This daemon runs on execution nodes, and represents a machine ready to do work for Condor. Its log file describes its requirements. This daemon starts up the condor_starter daemon.

condor_starter

This daemon runs on execution nodes, and is responsible for starting up actual execution processes, and logging their details.

condor_schedd

This daemon runs on submit nodes, and represents data about submitted jobs. It tracks the queueing of jobs and tries to get resources for all of its jobs to be run. When a job submitted is run, this daemon spawns a condor_shadow daemon.

condor_shadow

This daemon runs on the submission machine when an actual execution of the job is run. It will take care of systems calls that need to be executed on the submitting machine for a process.
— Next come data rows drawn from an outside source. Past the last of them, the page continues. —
(* Let $M,N$ be positive integers, $0<z_0<\dots<z_{N-1}$ real with real positive $M$th roots, $(s^{(t)})_{t\in\mathbb Z}$ real with $s^{(t)}<z_0$, and $w^{(m)}_r>0$ ($r=0,\dots,N-1$, $m\in\mathbb Z$) with $w_r^{(m)}=w_r^{(m\bmod M)}$, such that the positivity condition \[ w^{(m)}_{r_0,\dots,r_{n-3},r_{n-2}}\,w^{(m+1)}_{r_0,\dots,r_{n-3},r_{n-1}}\,z_{r_{n-1}}^{1/M}>w^{(m+1)}_{r_0,\dots,r_{n-3},r_{n-2}}\,w^{(m)}_{r_0,\dots,r_{n-3},r_{n-1}}\,z_{r_{n-2}}^{1/M} \] holds for all $m=0,\dots,M-1$ and all $0\le r_0<\dots<r_{n-1}\le N-1$, $n=2,\dots,N$ (with the $w_{r_0,\dots,r_{n-1}}^{(m)}$ defined recursively as in the context). For $k,t\in\mathbb Z$ let $\tau^{(k,t)}_0:=1$, $\tau^{(k,t)}_n:=0$ for $n>N$, and for $1\le n\le N$ \[ \tau^{(k,t)}_n:=\sum_{0\le r_0<\dots<r_{n-1}\le N-1}w^{(k)}_{r_0}w^{(k+1)}_{r_0,r_1}\cdots w^{(k+n-1)}_{r_0,\dots,r_{n-1}}\prod_{j=0}^{n-1}\Big(z_{r_j}^{k/M}\prod_{\tau=0}^{t-1}(z_{r_j}-s^{(\tau)})\Big)\prod_{0\le i<j\le n-1}(z_{r_j}-z_{r_i}). \] Define, for $k,t\in\mathbb Z$, \[ q^{(k,t)}_n=\frac{\tau^{(k,t)}_n\tau^{(k+1,t)}_{n+1}}{\tau^{(k,t)}_{n+1}\tau^{(k+1,t)}_n},\quad d^{(k,t)}_n=\frac{\tau^{(k,t+1)}_n\tau^{(k+1,t)}_{n+1}}{\tau^{(k,t)}_{n+1}\tau^{(k+1,t+1)}_n}\quad(0\le n\le N-1), \] \[ e^{(k,t)}_n=\frac{\tau^{(k,t)}_{n+2}\tau^{(k+M,t)}_n}{\tau^{(k,t)}_{n+1}\tau^{(k+M,t)}_{n+1}},\quad \tilde e^{(k,t)}_n=\frac{\tau^{(k,t)}_{n+2}\tau^{(k,t+1)}_n}{\tau^{(k,t)}_{n+1}\tau^{(k,t+1)}_{n+1}},\quad f^{(k,t)}_n=-s^{(t)}\frac{\tau^{(k,t)}_{n+2}\tau^{(k+M,t+1)}_n}{\tau^{(k,t+1)}_{n+1}\tau^{(k+M,t)}_{n+1}}\quad(0\le n\le N-1). \] Then these variables solve the nonautonomous discrete hungry Toda lattice with finite lattice boundary condition: for all $k,t\in\mathbb Z$, $e^{(k,t)}_{N-1}=\tilde e^{(k,t)}_{N-1}=0$, \begin{gather*} q^{(k,t+1)}_n=d^{(k,t)}_n+\tilde e^{(k,t)}_n,\quad e^{(k,t+1)}_n=f^{(k,t)}_n+\tilde e^{(k+M,t)}_n\quad(0\le n\le N-1),\\ d^{(k,t)}_{n+1}=d^{(k,t)}_n\frac{q^{(k,t)}_{n+1}}{q^{(k,t+1)}_n},\quad f^{(k,t)}_{n+1}=f^{(k,t)}_n\frac{e^{(k,t)}_{n+1}}{e^{(k,t+1)}_n},\quad \tilde e^{(k+1,t)}_n=\tilde e^{(k,t)}_n\frac{q^{(k,t)}_{n+1}}{q^{(k,t+1)}_n},\quad \tilde e^{(k,t)}_{n+1}=\tilde e^{(k+M,t)}_n\frac{e^{(k,t)}_{n+1}}{e^{(k,t+1)}_n}\quad(0\le n\le N-2), \end{gather*} with boundary conditions \[ d^{(k,t)}_0=q^{(k,t)}_0,\quad f^{(k,t)}_0=\frac{-e^{(k,t)}_0s^{(t)}}{\prod_{j=0}^{M-1}q^{(k+j,t)}_0-s^{(t)}},\quad \tilde e^{(k,t)}_0=\frac{e^{(k,t)}_0\prod_{j=0}^{M-1}q^{(k+j,t)}_0}{\prod_{j=0}^{M-1}q^{(k+j,t)}_0-s^{(t)}}. \] Moreover $q^{(k,t)}_n,d^{(k,t)}_n>0$ for $0\le n\le N-1$ and $e^{(k,t)}_n,\tilde e^{(k,t)}_n>0$ for $0\le n\le N-2$; and if $s^{(t)}\le0$ for all $t$, then $f^{(k,t)}_n\ge0$ for all $k,t$ and $0\le n\le N-1$.
   Context: The numbers $w^{(m)}_{r_0,\dots,r_{n-1}}$ for $n\ge2$, $0\le r_0<\dots<r_{n-1}\le N-1$, $m\in\mathbb Z$ are defined recursively by \[ w^{(m+1)}_{r_0,\dots,r_{n-2},r_{n-1}}:=\frac{w^{(m)}_{r_0,\dots,r_{n-3},r_{n-2}}w^{(m+1)}_{r_0,\dots,r_{n-3},r_{n-1}}z_{r_{n-1}}^{1/M}-w^{(m+1)}_{r_0,\dots,r_{n-3},r_{n-2}}w^{(m)}_{r_0,\dots,r_{n-3},r_{n-1}}z_{r_{n-2}}^{1/M}}{w^{(m)}_{r_0,\dots,r_{n-3},r_{n-2}}}, \] where for $n=2$ the list $r_0,\dots,r_{n-3}$ is empty. Products $\prod_{\tau=0}^{t-1}a_\tau$ equal $1$ for $t=0$ and $\prod_{\tau=t}^{-1}a_\tau^{-1}$ for $t<0$. *)

theory Defs
  imports Complex_Main
begin
(* Let $r,d,d_1,d_2\in\mathbb{N}$, $s_i,t_i\in\mathbb{N}$ for $i\in[r]$. Let $\mathcal{A}=\{\mathbf{a}^1,\dots,\mathbf{a}^r\}\subseteq\mathbb{Z}^d$ be linearly independent such that some $\overline{\omega}\in\mathbb{Q}^d$ satisfies $\overline{\omega}\cdot\mathbf{a}^i=1$ for all $i$. Let $\mathcal{B}=\{\mathbf{b}^i_j: i\in[r], j\in[s_i]\}\subseteq\mathbb{Z}^{d_1}$ and $\mathcal{C}=\{\mathbf{c}^i_k: i\in[r],k\in[t_i]\}\subseteq\mathbb{Z}^{d_2}$ be point configurations for which there exist linear maps $\pi_1:\mathbb{Z}^{d_1}\to\mathbb{Z}^d$, $\pi_2:\mathbb{Z}^{d_2}\to\mathbb{Z}^d$ with $\pi_1(\mathbf{b}^i_j)=\mathbf{a}^i$ and $\pi_2(\mathbf{c}^i_k)=\mathbf{a}^i$ for all $i,j,k$. Let $P=\operatorname{conv}(\mathcal{B})$, $Q=\operatorname{conv}(\mathcal{C})$, and let $w=(w^i_j)$, $\tilde w=(\tilde w^i_k)$ be positive weight vectors on $\mathcal{B}$, $\mathcal{C}$. Suppose $(\mathcal{B},w)$ and $(\mathcal{C},\tilde w)$ have rational linear precision, with blending functions $\{\beta^i_j\}$ (rational functions of $\mathbf{p}\in\mathbb{C}^{d_1}$) and $\{\tilde\beta^i_k\}$ (rational functions of $\mathbf{q}\in\mathbb{C}^{d_2}$) satisfying the definition of rational linear precision. Then the toric fiber product $\mathcal{B}\times_{\mathcal{A}}\mathcal{C}$ with weights $w_{\mathcal{B}\times_{\mathcal{A}}\mathcal{C}}=(w^i_j\tilde w^i_k)$ has rational linear precision (i.e. the polytope $P\times_{\mathcal{A}}Q$ has rational linear precision). Moreover, blending functions with rational linear precision for $P\times_{\mathcal{A}}Q$ are given by \[\beta^i_{j,k}(\mathbf{p},\mathbf{q})=\frac{\beta^i_j(\mathbf{p})\,\tilde\beta^i_k(\mathbf{q})}{\sum_{j'\in[s_i]}\beta^i_{j'}(\mathbf{p})}=\frac{\beta^i_j(\mathbf{p})\,\tilde\beta^i_k(\mathbf{q})}{\sum_{k'\in[t_i]}\tilde\beta^i_{k'}(\mathbf{q})},\qquad (\mathbf{p},\mathbf{q})\in P\times_{\mathcal{A}}Q,\] for $i\in[r]$, $j\in[s_i]$, $k\in[t_i]$.
   Context: Toric fiber product: $\mathcal{B}\times_{\mathcal{A}}\mathcal{C}=\{\mathbf{m}^i_{j,k}:=(\mathbf{b}^i_j,\mathbf{c}^i_k): i\in[r], j\in[s_i],k\in[t_i]\}\subseteq\mathbb{Z}^{d_1+d_2}$, and $P\times_{\mathcal{A}}Q:=\operatorname{conv}(\mathcal{B}\times_{\mathcal{A}}\mathcal{C})$. Scaled projective toric variety: for a finite point configuration $\mathcal{S}\subseteq\mathbb{Z}^n$ with positive weights $w=(w_{\mathbf{s}})$, $X_{\mathcal{S},w}$ is the Zariski closure of the image of $(\mathbb{C}^* )^n\to\mathbb{P}^{|\mathcal{S}|-1}$, $\mathbf{t}\mapsto[w_{\mathbf{s}}\mathbf{t}^{\mathbf{s}}]_{\mathbf{s}\in\mathcal{S}}$ (if the all-ones vector is not in the row span of the matrix with columns $\mathbf{s}$, a row of ones is appended). Rational linear precision: $(\mathcal{S},w)$, with polytope $\Pi=\operatorname{conv}(\mathcal{S})$, has rational linear precision if there are rational functions $\{\hat\beta_{\mathbf{s}}\}_{\mathbf{s}\in\mathcal{S}}$ on $\mathbb{C}^n$ (called blending functions) such that (1) $\sum_{\mathbf{s}}\hat\beta_{\mathbf{s}}=1$; (2) $\hat\beta=(\hat\beta_{\mathbf{s}})_{\mathbf{s}}:\mathbb{C}^n\dashrightarrow X_{\mathcal{S},w}\subseteq\mathbb{P}^{|\mathcal{S}|-1}$ is a rational parametrization of $X_{\mathcal{S},w}$; (3) for every $\mathbf{p}$ in the relative interior of $\Pi$, each $\hat\beta_{\mathbf{s}}(\mathbf{p})$ is defined and a nonnegative real number; (4) $\sum_{\mathbf{s}}\hat\beta_{\mathbf{s}}(\mathbf{p})\,\mathbf{s}=\mathbf{p}$ for all $\mathbf{p}\in\Pi$. *)

theory Defs
  imports "HOL-Analysis.Analysis"
begin

definition rvec :: "int^'n \<Rightarrow> real^'n" where
  "rvec s = (\<chi> l. real_of_int (s $ l))"

definition cvec :: "real^'n \<Rightarrow> complex^'n" where
  "cvec p = (\<chi> l. complex_of_real (p $ l))"

text \<open>Concatenation Z^{d1} x Z^{d2} = Z^{d1+d2}, coordinates indexed by the sum type.\<close>
definition vjoin :: "'a^'n1::finite \<Rightarrow> 'a^'n2::finite \<Rightarrow> 'a^('n1 + 'n2)" where
  "vjoin b c = (\<chi> l. case_sum (\<lambda>x. b $ x) (\<lambda>y. c $ y) l)"

definition vleft :: "'a^('n1::finite + 'n2::finite) \<Rightarrow> 'a^'n1" where
  "vleft m = (\<chi> l. m $ Inl l)"

definition vright :: "'a^('n1::finite + 'n2::finite) \<Rightarrow> 'a^'n2" where
  "vright m = (\<chi> l. m $ Inr l)"

definition cpoly :: "(complex^'n \<Rightarrow> complex) \<Rightarrow> bool" where
  "cpoly f \<longleftrightarrow> (\<exists>E c. finite (E :: ('n \<Rightarrow> nat) set) \<and>
      f = (\<lambda>x. \<Sum>e\<in>E. c e * (\<Prod>l\<in>UNIV. (x $ l) ^ e l)))"

text \<open>A rational function on C^n, represented by a numerator/denominator pair.\<close>
type_synonym 'n ratfun = "(complex^'n \<Rightarrow> complex) \<times> (complex^'n \<Rightarrow> complex)"

definition is_ratfun :: "'n::finite ratfun \<Rightarrow> bool" where
  "is_ratfun R \<longleftrightarrow> cpoly (fst R) \<and> cpoly (snd R) \<and> snd R \<noteq> (\<lambda>_. 0)"

definition rf_defined :: "'n::finite ratfun \<Rightarrow> complex^'n \<Rightarrow> bool" where
  "rf_defined R x \<longleftrightarrow> snd R x \<noteq> 0"

definition rf_eval :: "'n::finite ratfun \<Rightarrow> complex^'n \<Rightarrow> complex" where
  "rf_eval R x = fst R x / snd R x"

text \<open>Homogeneous polynomial functions in variables indexed by a finite set I.
  Points of C^I are functions 'v => complex vanishing outside I.\<close>
definition hpoly :: "'v set \<Rightarrow> (('v \<Rightarrow> complex) \<Rightarrow> complex) \<Rightarrow> bool" where
  "hpoly I F \<longleftrightarrow> (\<exists>E c (\<delta>::nat). finite (E :: ('v \<Rightarrow> nat) set) \<and>
      (\<forall>e\<in>E. (\<forall>v. v \<notin> I \<longrightarrow> e v = 0) \<and> (\<Sum>v\<in>I. e v) = \<delta>) \<and>
      F = (\<lambda>y. \<Sum>e\<in>E. c e * (\<Prod>v\<in>I. (y v) ^ e v)))"

text \<open>Nonzero representatives of points of the projective space P(C^I).\<close>
definition proj_pts :: "'v set \<Rightarrow> ('v \<Rightarrow> complex) set" where
  "proj_pts I = {y. (\<forall>v. v \<notin> I \<longrightarrow> y v = 0) \<and> (\<exists>v\<in>I. y v \<noteq> 0)}"

definition proj_closure :: "'v set \<Rightarrow> ('v \<Rightarrow> complex) set \<Rightarrow> ('v \<Rightarrow> complex) set" where
  "proj_closure I Y = {y \<in> proj_pts I. \<forall>F. hpoly I F \<and> (\<forall>z\<in>Y. F z = 0) \<longrightarrow> F y = 0}"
There will be a condor_shadow process for each executing process of a submission machine, meaning that on a machine with a large number of submitted processes, the number of shadow daemons supported by memory or other resources could be a limitation.

condor_collector

This daemon runs on the Pool Collector machine, and is responsible for keeping track of resources within the Pool. All nodes in the pool let this daemon on the Pool Collector machine know that they exist, what services they support, and what requirements they have.

condor_negotiator

This daemon typically runs on the Pool Collector machine, and negotiates between submitted jobs and executing nodes to match a job with an execution. Log files of interest include NegotiatorLog and MatchLog

condor_kbdd

This daemon is used to detect user activity on a execute node, so it can know whether to allow execution of a job or to disallow it because a human user currently is engaged in some task.

The right processor architecture

The initial installation was done with the package condor-7.2.0-linux-ia64-rhel3-dynamic.tar.gz corresponding to IA64 which corresponds to the Intel Itanium processor 64bits. It doesn't include all 64bits intel processors.

While trying to run the condor_master, the shell returned the following error message cannot execute binary file

Using the program readelf, it's possible to extract the header of an executable and understand if a given executable could run on a given platform.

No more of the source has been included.